== TASK TO COMPLETE ==
Restate word for word the lines in the listing below, starting at the line containing "using u(2) open_contains_ball by blast" and ending at the line containing "using r(1) len \<epsilon>(1)", both included; leave out the rest.
EXTRACTED ENTRIES: Begin
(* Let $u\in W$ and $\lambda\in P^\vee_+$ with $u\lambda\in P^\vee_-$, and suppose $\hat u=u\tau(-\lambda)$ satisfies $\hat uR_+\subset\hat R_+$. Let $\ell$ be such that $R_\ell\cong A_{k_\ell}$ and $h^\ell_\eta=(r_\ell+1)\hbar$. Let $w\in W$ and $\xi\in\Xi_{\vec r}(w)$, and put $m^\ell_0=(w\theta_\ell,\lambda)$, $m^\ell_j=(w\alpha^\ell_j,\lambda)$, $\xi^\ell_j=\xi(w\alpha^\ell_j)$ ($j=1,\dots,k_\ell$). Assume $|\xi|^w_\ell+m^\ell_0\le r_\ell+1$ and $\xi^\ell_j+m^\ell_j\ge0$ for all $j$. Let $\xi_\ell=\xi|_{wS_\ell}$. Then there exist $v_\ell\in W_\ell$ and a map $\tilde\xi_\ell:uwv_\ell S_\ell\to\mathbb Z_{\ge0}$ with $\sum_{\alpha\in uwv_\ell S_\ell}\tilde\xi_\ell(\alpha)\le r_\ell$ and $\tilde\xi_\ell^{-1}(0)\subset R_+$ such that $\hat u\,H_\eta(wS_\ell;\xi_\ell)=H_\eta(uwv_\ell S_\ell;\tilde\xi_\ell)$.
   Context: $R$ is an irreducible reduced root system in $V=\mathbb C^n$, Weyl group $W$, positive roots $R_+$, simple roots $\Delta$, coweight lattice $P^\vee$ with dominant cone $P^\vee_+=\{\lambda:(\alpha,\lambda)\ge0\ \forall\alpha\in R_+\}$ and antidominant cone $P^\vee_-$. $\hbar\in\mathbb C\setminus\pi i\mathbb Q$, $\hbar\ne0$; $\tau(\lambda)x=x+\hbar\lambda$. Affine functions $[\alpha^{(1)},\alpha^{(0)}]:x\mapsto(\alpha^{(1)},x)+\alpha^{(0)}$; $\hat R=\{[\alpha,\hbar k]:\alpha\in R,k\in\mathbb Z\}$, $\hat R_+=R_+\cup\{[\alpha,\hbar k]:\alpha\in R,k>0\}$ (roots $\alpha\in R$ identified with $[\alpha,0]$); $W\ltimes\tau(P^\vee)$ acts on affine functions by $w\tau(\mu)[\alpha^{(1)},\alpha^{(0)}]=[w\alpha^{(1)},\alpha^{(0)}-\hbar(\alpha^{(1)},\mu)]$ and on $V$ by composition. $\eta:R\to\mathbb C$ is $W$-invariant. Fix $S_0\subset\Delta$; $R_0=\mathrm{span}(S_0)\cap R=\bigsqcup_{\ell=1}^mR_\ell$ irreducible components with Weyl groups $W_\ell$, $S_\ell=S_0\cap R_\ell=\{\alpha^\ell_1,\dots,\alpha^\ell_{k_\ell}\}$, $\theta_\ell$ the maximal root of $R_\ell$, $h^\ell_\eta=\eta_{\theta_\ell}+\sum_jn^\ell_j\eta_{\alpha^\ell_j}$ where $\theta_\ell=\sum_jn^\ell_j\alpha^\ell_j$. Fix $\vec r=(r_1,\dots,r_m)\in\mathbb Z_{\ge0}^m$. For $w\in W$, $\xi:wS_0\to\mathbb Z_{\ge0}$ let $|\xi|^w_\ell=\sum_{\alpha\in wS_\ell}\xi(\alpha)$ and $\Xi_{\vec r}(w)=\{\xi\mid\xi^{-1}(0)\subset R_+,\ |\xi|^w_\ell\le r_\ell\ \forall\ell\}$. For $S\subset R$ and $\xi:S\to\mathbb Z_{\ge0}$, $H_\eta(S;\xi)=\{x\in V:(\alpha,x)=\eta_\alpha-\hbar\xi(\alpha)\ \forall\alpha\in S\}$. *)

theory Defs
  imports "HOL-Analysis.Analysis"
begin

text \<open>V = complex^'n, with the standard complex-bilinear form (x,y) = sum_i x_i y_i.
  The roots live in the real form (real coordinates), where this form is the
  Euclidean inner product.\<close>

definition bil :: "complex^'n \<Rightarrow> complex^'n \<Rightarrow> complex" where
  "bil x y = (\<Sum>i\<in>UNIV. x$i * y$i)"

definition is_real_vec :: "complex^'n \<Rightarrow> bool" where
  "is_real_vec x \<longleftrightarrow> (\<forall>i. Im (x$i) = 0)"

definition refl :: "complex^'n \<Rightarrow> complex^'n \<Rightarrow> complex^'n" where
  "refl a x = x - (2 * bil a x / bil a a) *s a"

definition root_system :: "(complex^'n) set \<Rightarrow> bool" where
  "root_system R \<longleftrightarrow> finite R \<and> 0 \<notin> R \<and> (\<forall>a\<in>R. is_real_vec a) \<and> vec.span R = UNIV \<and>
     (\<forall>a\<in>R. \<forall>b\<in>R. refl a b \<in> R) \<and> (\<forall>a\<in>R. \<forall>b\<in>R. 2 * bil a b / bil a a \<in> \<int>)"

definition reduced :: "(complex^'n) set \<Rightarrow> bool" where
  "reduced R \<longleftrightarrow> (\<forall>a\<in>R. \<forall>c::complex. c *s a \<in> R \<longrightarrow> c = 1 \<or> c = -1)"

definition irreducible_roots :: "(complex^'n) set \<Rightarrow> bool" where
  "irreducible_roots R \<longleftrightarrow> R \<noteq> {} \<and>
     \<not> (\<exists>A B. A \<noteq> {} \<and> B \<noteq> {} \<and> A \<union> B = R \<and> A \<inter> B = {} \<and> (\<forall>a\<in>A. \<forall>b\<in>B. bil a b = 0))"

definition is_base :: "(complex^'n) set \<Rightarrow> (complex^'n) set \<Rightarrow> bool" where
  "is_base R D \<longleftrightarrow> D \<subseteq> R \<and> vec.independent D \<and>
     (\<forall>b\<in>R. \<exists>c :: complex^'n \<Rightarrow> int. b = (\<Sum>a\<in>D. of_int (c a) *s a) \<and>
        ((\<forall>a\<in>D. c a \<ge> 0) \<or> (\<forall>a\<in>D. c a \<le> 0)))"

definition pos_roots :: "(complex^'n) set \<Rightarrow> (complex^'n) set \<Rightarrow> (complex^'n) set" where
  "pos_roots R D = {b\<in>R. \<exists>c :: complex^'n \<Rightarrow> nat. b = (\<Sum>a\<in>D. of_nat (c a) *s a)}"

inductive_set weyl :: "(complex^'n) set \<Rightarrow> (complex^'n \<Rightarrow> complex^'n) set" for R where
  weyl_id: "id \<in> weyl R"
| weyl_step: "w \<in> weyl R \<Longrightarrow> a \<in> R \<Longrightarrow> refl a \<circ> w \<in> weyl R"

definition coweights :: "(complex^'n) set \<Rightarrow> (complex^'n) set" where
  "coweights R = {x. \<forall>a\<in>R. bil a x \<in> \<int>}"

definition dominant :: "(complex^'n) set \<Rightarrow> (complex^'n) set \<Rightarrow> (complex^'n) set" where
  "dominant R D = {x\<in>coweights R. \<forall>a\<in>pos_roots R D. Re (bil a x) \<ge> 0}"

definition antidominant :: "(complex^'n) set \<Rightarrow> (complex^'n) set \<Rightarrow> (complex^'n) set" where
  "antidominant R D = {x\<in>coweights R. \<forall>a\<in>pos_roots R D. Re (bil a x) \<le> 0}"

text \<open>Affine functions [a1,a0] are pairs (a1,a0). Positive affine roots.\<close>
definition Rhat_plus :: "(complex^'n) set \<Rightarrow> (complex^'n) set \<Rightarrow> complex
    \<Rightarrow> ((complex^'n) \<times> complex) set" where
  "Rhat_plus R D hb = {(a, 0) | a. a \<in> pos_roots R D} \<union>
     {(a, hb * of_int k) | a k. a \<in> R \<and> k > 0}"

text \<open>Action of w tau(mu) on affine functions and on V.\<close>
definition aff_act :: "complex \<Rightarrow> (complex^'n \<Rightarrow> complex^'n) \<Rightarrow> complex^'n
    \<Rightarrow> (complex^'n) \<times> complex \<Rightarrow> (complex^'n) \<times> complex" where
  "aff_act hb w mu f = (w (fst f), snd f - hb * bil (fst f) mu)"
EXTRACTED ENTRIES: End
EXTRACTED ENTRIES: Begin
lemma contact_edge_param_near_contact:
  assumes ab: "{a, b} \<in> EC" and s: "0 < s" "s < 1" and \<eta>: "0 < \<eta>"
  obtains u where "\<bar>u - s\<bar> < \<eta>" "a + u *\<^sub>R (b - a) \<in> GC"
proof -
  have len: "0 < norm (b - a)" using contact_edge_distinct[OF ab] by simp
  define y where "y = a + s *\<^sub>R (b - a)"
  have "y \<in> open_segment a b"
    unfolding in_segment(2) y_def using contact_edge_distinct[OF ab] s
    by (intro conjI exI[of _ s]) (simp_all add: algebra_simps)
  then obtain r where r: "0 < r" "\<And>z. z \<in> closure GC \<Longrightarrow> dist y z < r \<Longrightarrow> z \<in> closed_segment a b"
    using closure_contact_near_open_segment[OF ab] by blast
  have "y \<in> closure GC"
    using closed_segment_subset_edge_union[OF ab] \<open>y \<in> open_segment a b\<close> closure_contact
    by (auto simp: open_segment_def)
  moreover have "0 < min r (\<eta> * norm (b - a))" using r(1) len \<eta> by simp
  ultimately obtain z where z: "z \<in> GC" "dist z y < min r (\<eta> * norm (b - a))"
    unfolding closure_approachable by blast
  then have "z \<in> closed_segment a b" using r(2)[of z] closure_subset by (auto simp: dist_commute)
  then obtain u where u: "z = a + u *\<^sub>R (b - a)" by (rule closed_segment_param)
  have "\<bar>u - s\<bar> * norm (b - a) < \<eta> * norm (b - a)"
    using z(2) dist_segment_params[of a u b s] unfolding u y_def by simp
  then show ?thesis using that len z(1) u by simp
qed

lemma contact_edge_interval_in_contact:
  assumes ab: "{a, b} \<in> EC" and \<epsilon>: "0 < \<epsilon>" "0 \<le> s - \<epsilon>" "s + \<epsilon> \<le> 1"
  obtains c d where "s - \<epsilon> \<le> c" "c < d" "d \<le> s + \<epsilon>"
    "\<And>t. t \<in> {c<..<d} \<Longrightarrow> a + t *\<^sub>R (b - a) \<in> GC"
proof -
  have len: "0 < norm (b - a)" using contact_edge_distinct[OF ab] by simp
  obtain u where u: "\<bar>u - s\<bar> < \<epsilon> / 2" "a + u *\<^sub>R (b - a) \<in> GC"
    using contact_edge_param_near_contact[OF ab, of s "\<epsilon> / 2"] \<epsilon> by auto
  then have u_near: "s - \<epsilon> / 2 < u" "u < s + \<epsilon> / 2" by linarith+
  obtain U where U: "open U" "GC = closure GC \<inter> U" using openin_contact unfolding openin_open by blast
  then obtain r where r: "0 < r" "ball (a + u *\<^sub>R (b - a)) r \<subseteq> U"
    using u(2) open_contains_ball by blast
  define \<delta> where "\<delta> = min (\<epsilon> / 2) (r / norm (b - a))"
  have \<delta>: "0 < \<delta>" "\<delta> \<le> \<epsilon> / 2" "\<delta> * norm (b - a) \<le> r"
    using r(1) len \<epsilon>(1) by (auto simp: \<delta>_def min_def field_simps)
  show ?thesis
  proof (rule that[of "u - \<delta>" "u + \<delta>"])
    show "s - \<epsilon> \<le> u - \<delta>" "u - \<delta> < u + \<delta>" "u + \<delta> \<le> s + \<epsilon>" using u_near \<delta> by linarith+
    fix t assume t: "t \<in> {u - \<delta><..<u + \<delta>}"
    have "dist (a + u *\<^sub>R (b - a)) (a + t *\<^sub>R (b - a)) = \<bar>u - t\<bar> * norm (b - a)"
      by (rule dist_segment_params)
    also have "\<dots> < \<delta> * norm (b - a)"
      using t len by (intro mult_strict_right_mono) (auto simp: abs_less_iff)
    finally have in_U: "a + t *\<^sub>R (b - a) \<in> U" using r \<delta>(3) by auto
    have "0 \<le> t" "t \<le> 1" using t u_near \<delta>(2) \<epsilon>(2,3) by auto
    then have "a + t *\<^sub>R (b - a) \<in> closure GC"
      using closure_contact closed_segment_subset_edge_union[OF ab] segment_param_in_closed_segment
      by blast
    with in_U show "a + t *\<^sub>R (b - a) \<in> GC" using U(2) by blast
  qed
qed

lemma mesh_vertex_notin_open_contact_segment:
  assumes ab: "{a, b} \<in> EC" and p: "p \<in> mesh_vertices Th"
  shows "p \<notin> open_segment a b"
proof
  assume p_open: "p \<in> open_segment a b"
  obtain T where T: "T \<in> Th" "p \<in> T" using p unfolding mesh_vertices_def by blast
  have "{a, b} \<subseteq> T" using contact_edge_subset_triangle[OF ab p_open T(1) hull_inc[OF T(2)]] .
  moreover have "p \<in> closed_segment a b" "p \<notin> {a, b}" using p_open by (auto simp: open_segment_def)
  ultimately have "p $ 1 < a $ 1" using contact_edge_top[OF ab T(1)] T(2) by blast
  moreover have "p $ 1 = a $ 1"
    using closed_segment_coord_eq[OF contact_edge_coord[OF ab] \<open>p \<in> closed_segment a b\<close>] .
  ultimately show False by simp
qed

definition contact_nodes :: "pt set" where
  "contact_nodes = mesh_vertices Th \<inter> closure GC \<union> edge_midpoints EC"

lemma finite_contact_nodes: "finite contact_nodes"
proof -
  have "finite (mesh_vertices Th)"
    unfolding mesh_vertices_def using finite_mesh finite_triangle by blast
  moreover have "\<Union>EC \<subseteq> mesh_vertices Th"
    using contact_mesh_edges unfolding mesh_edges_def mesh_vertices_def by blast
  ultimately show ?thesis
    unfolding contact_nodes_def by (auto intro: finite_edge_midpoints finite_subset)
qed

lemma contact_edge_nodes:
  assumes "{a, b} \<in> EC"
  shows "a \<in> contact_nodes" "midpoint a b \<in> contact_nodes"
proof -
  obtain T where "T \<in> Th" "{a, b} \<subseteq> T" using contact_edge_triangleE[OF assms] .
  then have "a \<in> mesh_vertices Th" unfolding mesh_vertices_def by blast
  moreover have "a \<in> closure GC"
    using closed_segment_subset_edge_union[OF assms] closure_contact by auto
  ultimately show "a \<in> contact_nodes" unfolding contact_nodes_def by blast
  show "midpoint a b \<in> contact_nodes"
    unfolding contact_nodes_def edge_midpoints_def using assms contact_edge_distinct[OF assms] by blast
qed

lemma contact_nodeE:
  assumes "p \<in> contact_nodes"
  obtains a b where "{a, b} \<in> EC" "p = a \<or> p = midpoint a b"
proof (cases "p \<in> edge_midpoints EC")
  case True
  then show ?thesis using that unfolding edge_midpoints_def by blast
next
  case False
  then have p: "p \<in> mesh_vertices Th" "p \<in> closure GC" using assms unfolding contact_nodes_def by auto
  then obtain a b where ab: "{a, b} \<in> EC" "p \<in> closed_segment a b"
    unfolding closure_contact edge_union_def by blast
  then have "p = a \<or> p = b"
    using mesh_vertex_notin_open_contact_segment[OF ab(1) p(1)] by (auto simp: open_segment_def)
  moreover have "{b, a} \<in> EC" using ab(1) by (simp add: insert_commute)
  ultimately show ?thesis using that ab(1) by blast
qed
EXTRACTED ENTRIES: End
== RESULT OF THIS EXERCISE ==
    using u(2) open_contains_ball by blast
  define \<delta> where "\<delta> = min (\<epsilon> / 2) (r / norm (b - a))"
  have \<delta>: "0 < \<delta>" "\<delta> \<le> \<epsilon> / 2" "\<delta> * norm (b - a) \<le> r"
    using r(1) len \<epsilon>(1) by (auto simp: \<delta>_def min_def field_simps)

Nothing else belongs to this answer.